Constantemente tiene la sensación de vacío y tristeza pegada a la piel como un traje invisible.

Es una sensación tan austera y hueca, como sentir el estómago encogerse sobre sí mismo y el espacio entre las costillas doler con tanta fuerza que podría derribar a cualquiera.

Para Guinda esta es la realidad, incluso en el más absoluto de los silencios nadie la escucha.

Guinda vive únicamente con su hermano menor, un niño de tres años que en su vida ha llorado más que unas cuantas horas y lo único que hace es precionar los botones de aquellos libros infantiles que sirven para escuchar a la vaca decir muuu, al perro guau y al gato miau. El único ruido que rompe el silencio de una casa tan destruida como la suya es la televisión, la cual Guinda prende para limpiar o cocinar y ahí deja, en algún canal de cocina o de esos que regalan casas preciosas o acomodan muebles lujosos.

Cuando era chica Guinda quería ser cocinera, quería tener un catering tan grande que todo el mundo la querría en los más selectivos eventos. Hoy en día el único trabajo que consigue es en el gimnasio de la esquina. Cada vez que entregan medallas y hacen un ágape, sus tortas y dulces están a pedir de boca, pero no es reconocida, nadie sabe que es ella la creadora de los manjares y nunca llama la atención. Antes lo intentaba, sonreír y decir que esos manjares eran su creación, pero los adultos la miraban extraño y los niños no mostraban entusiasmo, sólo les preocupaba comer. Guinda dejó de intentar.

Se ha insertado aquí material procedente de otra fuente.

(* In the setting of fiber bundle complexes $B\otimes_\varphi F$ (with $B,F$ two-term complexes over $\mathbb{F}_2$), suppose that (1) every $\varphi(b^1,b^0)$ induces the identity on $H_0(F)$ and on $H_1(F)$; (2) $F$ has an augmentation $\epsilon:F_0\to\mathbb{F}_2$ (i.e. $\epsilon\partial^F=0$) whose induced map $H_0(F)\to\mathbb{F}_2$ is an isomorphism; (3) $H_0(B)=0$. Then the chain map $\pi_*:B\otimes_\varphi F\to B$ given by $b\otimes f\mapsto\epsilon(f)b$ on $B_1\otimes F_0$ and on $B_0\otimes F_0$, and by $0$ on $B_0\otimes F_1$ and $B_1\otimes F_1$, induces an isomorphism $H_1(B\otimes_\varphi F)\to H_1(B)$; and the map $\pi^*$ sending $\beta\in B^1=B_1^*$ to the functional on $(B\otimes_\varphi F)_1=(B_1\otimes F_0)\oplus(B_0\otimes F_1)$ given by $\beta\otimes\epsilon$ on $B_1\otimes F_0$ and $0$ on $B_0\otimes F_1$ induces an isomorphism $H^1(B)\to H^1(B\otimes_\varphi F)$.
   Context: $\operatorname{Aut}(F)$ denotes the group of chain automorphisms of $F=(F_1\xrightarrow{\partial^F}F_0)$. $B=(B_1\xrightarrow{\partial^B}B_0)$ has distinguished bases; write $b^0\in\partial^Bb^1$ if basis vector $b^0$ appears with nonzero coefficient in $\partial^Bb^1$. A connection $\varphi$ assigns to each such pair an element $\varphi(b^1,b^0)\in\operatorname{Aut}(F)$; $\partial_\varphi(b^1\otimes f)=\sum_{b^0\in\partial^Bb^1}b^0\otimes\varphi(b^1,b^0)(f)$. $B\otimes_\varphi F$ is the total complex with degree-2,1,0 parts $B_1\otimes F_1$, $(B_1\otimes F_0)\oplus(B_0\otimes F_1)$, $B_0\otimes F_0$ and differential $\partial_\varphi+\operatorname{id}\otimes\partial^F$. Cohomology $H^i$ of a complex of finite-dimensional spaces is the homology of the dual complex with transposed differentials. *)

theory Defs
  imports Main "HOL-Library.Z2"
begin

text \<open>Finite-dimensional F_2-vector spaces with distinguished bases are modelled by
  finite index sets S; a vector is a coordinate function S -> bit vanishing outside S.
  A linear map from span S to span T is a matrix M with M i j = coefficient of the
  basis vector j in the image of the basis vector i.\<close>

definition vecs :: "'i set \<Rightarrow> ('i \<Rightarrow> bit) set" where
  "vecs S = {v. \<forall>x. x \<notin> S \<longrightarrow> v x = 0}"

definition mat_app :: "'i set \<Rightarrow> 'j set \<Rightarrow> ('i \<Rightarrow> 'j \<Rightarrow> bit) \<Rightarrow> ('i \<Rightarrow> bit) \<Rightarrow> ('j \<Rightarrow> bit)" where
  "mat_app S T M v = (\<lambda>j. if j \<in> T then (\<Sum>i\<in>S. v i * M i j) else 0)"

definition transp :: "('i \<Rightarrow> 'j \<Rightarrow> bit) \<Rightarrow> ('j \<Rightarrow> 'i \<Rightarrow> bit)" where
  "transp M = (\<lambda>j i. M i j)"

definition cycles :: "'y set \<Rightarrow> 'z set \<Rightarrow> ('y \<Rightarrow> 'z \<Rightarrow> bit) \<Rightarrow> ('y \<Rightarrow> bit) set" where
  "cycles Y Z e = {y \<in> vecs Y. mat_app Y Z e y = (\<lambda>_. 0)}"

definition bounds :: "'x set \<Rightarrow> 'y set \<Rightarrow> ('x \<Rightarrow> 'y \<Rightarrow> bit) \<Rightarrow> ('y \<Rightarrow> bit) set" where
  "bounds X Y d = mat_app X Y d ` vecs X"

definition induces_homology_iso ::
  "'x set \<Rightarrow> 'y set \<Rightarrow> 'z set \<Rightarrow> ('x \<Rightarrow> 'y \<Rightarrow> bit) \<Rightarrow> ('y \<Rightarrow> 'z \<Rightarrow> bit) \<Rightarrow>
   'x2 set \<Rightarrow> 'y2 set \<Rightarrow> 'z2 set \<Rightarrow> ('x2 \<Rightarrow> 'y2 \<Rightarrow> bit) \<Rightarrow> ('y2 \<Rightarrow> 'z2 \<Rightarrow> bit) \<Rightarrow>
   ('y \<Rightarrow> 'y2 \<Rightarrow> bit) \<Rightarrow> bool" where
  "induces_homology_iso X Y Z d e X' Y' Z' d' e' f \<longleftrightarrow>
     (\<forall>y\<in>cycles Y Z e. mat_app Y Y' f y \<in> cycles Y' Z' e') \<and>
     (\<forall>y\<in>bounds X Y d. mat_app Y Y' f y \<in> bounds X' Y' d') \<and>
     (\<forall>z\<in>cycles Y' Z' e'. \<exists>y\<in>cycles Y Z e. (\<lambda>j. mat_app Y Y' f y j - z j) \<in> bounds X' Y' d') \<and>
     (\<forall>y\<in>cycles Y Z e. mat_app Y Y' f y \<in> bounds X' Y' d' \<longrightarrow> y \<in> bounds X Y d)"

definition induces_identity_on_homology ::
  "'x set \<Rightarrow> 'y set \<Rightarrow> 'z set \<Rightarrow> ('x \<Rightarrow> 'y \<Rightarrow> bit) \<Rightarrow> ('y \<Rightarrow> 'z \<Rightarrow> bit) \<Rightarrow>
   ('y \<Rightarrow> 'y \<Rightarrow> bit) \<Rightarrow> bool" where
  "induces_identity_on_homology X Y Z d e g \<longleftrightarrow>
     (\<forall>y\<in>cycles Y Z e. (\<lambda>j. mat_app Y Y g y j - y j) \<in> bounds X Y d)"

definition chain_aut ::
  "'k1 set \<Rightarrow> 'k0 set \<Rightarrow> ('k1 \<Rightarrow> 'k0 \<Rightarrow> bit) \<Rightarrow>
   ('k1 \<Rightarrow> 'k1 \<Rightarrow> bit) \<times> ('k0 \<Rightarrow> 'k0 \<Rightarrow> bit) \<Rightarrow> bool" where
  "chain_aut K1 K0 dF g \<longleftrightarrow>
     bij_betw (mat_app K1 K1 (fst g)) (vecs K1) (vecs K1) \<and>
     bij_betw (mat_app K0 K0 (snd g)) (vecs K0) (vecs K0) \<and>
     (\<forall>v\<in>vecs K1. mat_app K1 K0 dF (mat_app K1 K1 (fst g) v) =
                   mat_app K0 K0 (snd g) (mat_app K1 K0 dF v))"

definition is_connection ::
  "'b1 set \<Rightarrow> 'b0 set \<Rightarrow> ('b1 \<Rightarrow> 'b0 \<Rightarrow> bit) \<Rightarrow>
   'k1 set \<Rightarrow> 'k0 set \<Rightarrow> ('k1 \<Rightarrow> 'k0 \<Rightarrow> bit) \<Rightarrow>
   ('b1 \<Rightarrow> 'b0 \<Rightarrow> ('k1 \<Rightarrow> 'k1 \<Rightarrow> bit) \<times> ('k0 \<Rightarrow> 'k0 \<Rightarrow> bit)) \<Rightarrow> bool" where
  "is_connection I1 I0 dB K1 K0 dF phi \<longleftrightarrow>
     (\<forall>b1\<in>I1. \<forall>b0\<in>I0. dB b1 b0 \<noteq> 0 \<longrightarrow> chain_aut K1 K0 dF (phi b1 b0))"

text \<open>The total complex B \<otimes>_phi F: degree 2 basis I1 x K1, degree 1 basis
  (I1 x K0) + (I0 x K1), degree 0 basis I0 x K0; differential partial_phi + id \<otimes> dF.\<close>

definition tot_C1 :: "'b1 set \<Rightarrow> 'b0 set \<Rightarrow> 'k1 set \<Rightarrow> 'k0 set \<Rightarrow> (('b1 \<times> 'k0) + ('b0 \<times> 'k1)) set" where
  "tot_C1 I1 I0 K1 K0 = Inl ` (I1 \<times> K0) \<union> Inr ` (I0 \<times> K1)"

fun tot_d2 ::
  "('b1 \<Rightarrow> 'b0 \<Rightarrow> bit) \<Rightarrow> ('k1 \<Rightarrow> 'k0 \<Rightarrow> bit) \<Rightarrow>
   ('b1 \<Rightarrow> 'b0 \<Rightarrow> ('k1 \<Rightarrow> 'k1 \<Rightarrow> bit) \<times> ('k0 \<Rightarrow> 'k0 \<Rightarrow> bit)) \<Rightarrow>
   ('b1 \<times> 'k1) \<Rightarrow> (('b1 \<times> 'k0) + ('b0 \<times> 'k1)) \<Rightarrow> bit" where
  "tot_d2 dB dF phi (b1, k1) (Inl (b1', k0)) = (if b1 = b1' then dF k1 k0 else 0)"
| "tot_d2 dB dF phi (b1, k1) (Inr (b0, k1')) = dB b1 b0 * fst (phi b1 b0) k1 k1'"

fun tot_d1 ::
  "('b1 \<Rightarrow> 'b0 \<Rightarrow> bit) \<Rightarrow> ('k1 \<Rightarrow> 'k0 \<Rightarrow> bit) \<Rightarrow>
   ('b1 \<Rightarrow> 'b0 \<Rightarrow> ('k1 \<Rightarrow> 'k1 \<Rightarrow> bit) \<times> ('k0 \<Rightarrow> 'k0 \<Rightarrow> bit)) \<Rightarrow>
   (('b1 \<times> 'k0) + ('b0 \<times> 'k1)) \<Rightarrow> ('b0 \<times> 'k0) \<Rightarrow> bit" where
  "tot_d1 dB dF phi (Inl (b1, k0)) (b0, k0') = dB b1 b0 * snd (phi b1 b0) k0 k0'"
| "tot_d1 dB dF phi (Inr (b0, k1)) (b0', k0) = (if b0 = b0' then dF k1 k0 else 0)"

text \<open>pi_* in degree 1 (matrix (B\<otimes>F)_1 -> B_1) and pi^* on B^1 (matrix B_1 -> (B\<otimes>F)_1 in
  dual coordinates); eps k0 is the value of the augmentation on basis vector k0.\<close>

fun pi_lower :: "('k0 \<Rightarrow> bit) \<Rightarrow> (('b1 \<times> 'k0) + ('b0 \<times> 'k1)) \<Rightarrow> 'b1 \<Rightarrow> bit" where
  "pi_lower eps (Inl (b1, k0)) b1' = (if b1 = b1' then eps k0 else 0)"
| "pi_lower eps (Inr _) b1' = 0"

fun pi_upper :: "('k0 \<Rightarrow> bit) \<Rightarrow> 'b1 \<Rightarrow> (('b1 \<times> 'k0) + ('b0 \<times> 'k1)) \<Rightarrow> bit" where
  "pi_upper eps b1 (Inl (b1', k0)) = (if b1 = b1' then eps k0 else 0)"
| "pi_upper eps b1 (Inr _) = 0"

end

theory Submission
  imports Defs
begin

text \<open>Write a 1-chain of B \<otimes>_phi F as a pair (u, w) with u in B_1 \<otimes> F_0 and w in
  B_0 \<otimes> F_1, and fix e in F_0 with eps e = 1. Since eps identifies H_0(F) with F_2 and
  the phi act trivially on H_0(F), a cycle z of B lifts to z \<otimes> e, corrected in
  B_0 \<otimes> F_1 by homotopies from phi e to e; this gives surjectivity of pi_*.
  If pi_* x = 0 for a 1-cycle x, every fibre of u is a dF-boundary, and subtracting d2 of
  its lift leaves a cycle living in B_0 \<otimes> F_1 whose fibres are cycles of F. As
  H_0(B) = 0, dB has a right inverse c, and because the phi fix the cycles of F,
  d2 (c \<otimes> w) = w, so x is a boundary.
  The cohomological statement is the dual argument: the B_0 \<otimes> F_1 part of a 1-cocycle
  annihilates the cycles of F (using H_0(B) = 0 once more), hence factors through dF,
  and once this coboundary is removed what remains is beta \<otimes> eps because H^0(F) is
  spanned by eps.\<close>

subsection \<open>Coordinate linear algebra over F_2\<close>

text \<open>The simp rules of Z2 rewrite \<open>+\<close> and \<open>*\<close> on bit into XOR and AND, which defeats
  ring normalisation.\<close>
declare add_bit_eq_xor[simp del] mult_bit_eq_and[simp del]

lemma bit_add_eq_iff: "(a::bit) + b = c \<longleftrightarrow> a = b + c"
  by (cases a; cases b; cases c) simp_all

lemma bit_add_eq_0_iff: "(a::bit) + b = 0 \<longleftrightarrow> a = b"
  by (cases a; cases b) simp_all

lemma vecsI: "(\<And>x. x \<notin> S \<Longrightarrow> v x = 0) \<Longrightarrow> v \<in> vecs S"
  by (auto simp: vecs_def)

lemma vecsD: "v \<in> vecs S \<Longrightarrow> x \<notin> S \<Longrightarrow> v x = 0"
  by (auto simp: vecs_def)

lemma mat_app_vecs [simp]: "mat_app S T M v \<in> vecs T"
  by (auto simp: vecs_def mat_app_def)

lemma mat_app_in: "j \<in> T \<Longrightarrow> mat_app S T M v j = (\<Sum>i\<in>S. v i * M i j)"
  by (simp add: mat_app_def)

lemma mat_app_out: "j \<notin> T \<Longrightarrow> mat_app S T M v j = 0"
  by (simp add: mat_app_def)

lemma mat_app_zero [simp]: "mat_app S T M (\<lambda>_. 0) = (\<lambda>_. 0)"
  by (rule ext) (simp add: mat_app_def)

lemma mat_app_cong: "(\<And>i. i \<in> S \<Longrightarrow> v i = w i) \<Longrightarrow> mat_app S T M v = mat_app S T M w"
  by (auto simp: mat_app_def intro!: sum.cong ext)

lemma mat_app_add:
  "mat_app S T M (\<lambda>i. v i + w i) = (\<lambda>j. mat_app S T M v j + mat_app S T M w j)"
  by (auto simp: mat_app_def sum.distrib distrib_right)

lemma mat_app_scale: "mat_app S T M (\<lambda>i. c * v i) = (\<lambda>j. c * mat_app S T M v j)"
  by (auto simp: mat_app_def sum_distrib_left mult.assoc)

lemma mat_app_sum:
  "mat_app S T M (\<lambda>i. \<Sum>a\<in>A. f a i) = (\<lambda>j. \<Sum>a\<in>A. mat_app S T M (f a) j)"
  by (auto simp: mat_app_def sum_distrib_right intro!: ext) (rule sum.swap)

lemma bounds_from_empty [simp]: "bounds {} T M = {\<lambda>_. 0}"
proof -
  have "mat_app {} T M v = (\<lambda>_. 0)" for v
    by (rule ext) (simp add: mat_app_def)
  moreover have "(\<lambda>_. 0) \<in> vecs {}"
    by (simp add: vecs_def)
  ultimately show ?thesis
    unfolding bounds_def by auto
qed

lemma cycles_to_empty [simp]: "cycles S {} M = vecs S"
  by (auto simp: cycles_def mat_app_def)

lemma cycles_iff_sums: "y \<in> cycles S T M \<longleftrightarrow> y \<in> vecs S \<and> (\<forall>j\<in>T. (\<Sum>i\<in>S. y i * M i j) = 0)"
  by (auto simp: cycles_def mat_app_def fun_eq_iff)

lemma bounds_add:
  assumes "y \<in> bounds X Y d" "y' \<in> bounds X Y d"
  shows "(\<lambda>j. y j + y' j) \<in> bounds X Y d"
proof -
  obtain v v' where v: "v \<in> vecs X" "v' \<in> vecs X" "y = mat_app X Y d v" "y' = mat_app X Y d v'"
    using assms by (auto simp: bounds_def)
  show ?thesis
    unfolding bounds_def
  proof (rule image_eqI)
    show "(\<lambda>i. v i + v' i) \<in> vecs X"
      using v by (auto simp: vecs_def)
  qed (simp add: v mat_app_add)
qed

definition basis_vec :: "'i \<Rightarrow> 'i \<Rightarrow> bit" where
  "basis_vec k i = (if i = k then 1 else 0)"

lemma basis_vec_vecs: "k \<in> S \<Longrightarrow> basis_vec k \<in> vecs S"
  by (auto simp: vecs_def basis_vec_def)

lemma sum_basis_vec_mult:
  assumes "finite S" "k \<in> S"
  shows "(\<Sum>i\<in>S. basis_vec k i * f i) = (f k :: bit)"
proof -
  have "(\<Sum>i\<in>S. basis_vec k i * f i) = (\<Sum>i\<in>S. if i = k then f i else 0)"
    by (rule sum.cong) (auto simp: basis_vec_def)
  with assms show ?thesis
    by simp
qed

lemma sum_mult_basis_vec:
  "finite S \<Longrightarrow> k \<in> S \<Longrightarrow> (\<Sum>i\<in>S. f i * basis_vec k i) = (f k :: bit)"
  using sum_basis_vec_mult[of S k f] by (simp add: mult.commute)

lemma mat_app_basis_vec:
  "finite S \<Longrightarrow> k \<in> S \<Longrightarrow> j \<in> T \<Longrightarrow> mat_app S T M (basis_vec k) j = M k j"
  by (simp add: mat_app_in sum_basis_vec_mult)

lemma sum_mult_sum_swap:
  "(\<Sum>i\<in>A. f i * (\<Sum>j\<in>B. g j * h i j)) = (\<Sum>j\<in>B. g j * (\<Sum>i\<in>A. f i * h i j :: bit))"
proof -
  have "(\<Sum>i\<in>A. f i * (\<Sum>j\<in>B. g j * h i j)) = (\<Sum>i\<in>A. \<Sum>j\<in>B. g j * (f i * h i j))"
    by (simp add: sum_distrib_left mult_ac)
  also have "\<dots> = (\<Sum>j\<in>B. \<Sum>i\<in>A. g j * (f i * h i j))"
    by (rule sum.swap)
  finally show ?thesis
    by (simp add: sum_distrib_left)
qed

El hermano de Guinda es quince años más chico que ella, a veces la lleva a preguntarse si a sus tres años es raro que apenas hable o jamás rompa el silencio que se impone en su casa desde que ya no están más en Casa. Guinda aborrece el silencio, pero está tan adherido al cuerpecito de su hermanito que no sabe cómo quitarlo, después de todo ¿Cómo se sobrevive a haber huido de una madre alcohólica y un padre drogadicto? ¿Cómo podría ella encontrar lo que este pequeño necesita? En su inocencia y desesperación, Guinda creyó que podría. Ahora, en parte lo sabe y en parte se maldice.

Guinda huyó corriendo de Casa entre gritos y golpes, abrazando contra su cuerpo al bebé. De eso ya pasaron dos años tan solo. Guinda no puede evitar temer más silencio absoluto que se acontece a una tormenta, que a los ruidos fuertes.

Sabe perfectamente que las malas noticias se dan en silencio, no con gritos.

Y lo último que quería era escuchar el silencioso paso de la trabajadora social, su tenue golpeteo en la puerta -esa gente nunca toca el timbre, se recordó- y el repiqueteo de sus dedos sobre la mesa mientras le dice que no puede cuidar más a su hermano.

Guinda observa continuamente al pequeño como si en él lograra ver todo el ruido del mundo, desearía que él corra, que rompa jarrones, que haga berrinches, que se ponga a llorar y chille, pero lo único que obtiene son ojos grandes, risas suaves y divertidas muy de vez en cuando, balbuceos al viento, charlas bajas con los perros, charlas más altas con los gatos, algún saludo durante la noche y la mañana.

Su hermano crece en el mismo mundo silencioso, opresor y aplastante que ella, pero Guinda no sabe cómo enseñarle a huir de él.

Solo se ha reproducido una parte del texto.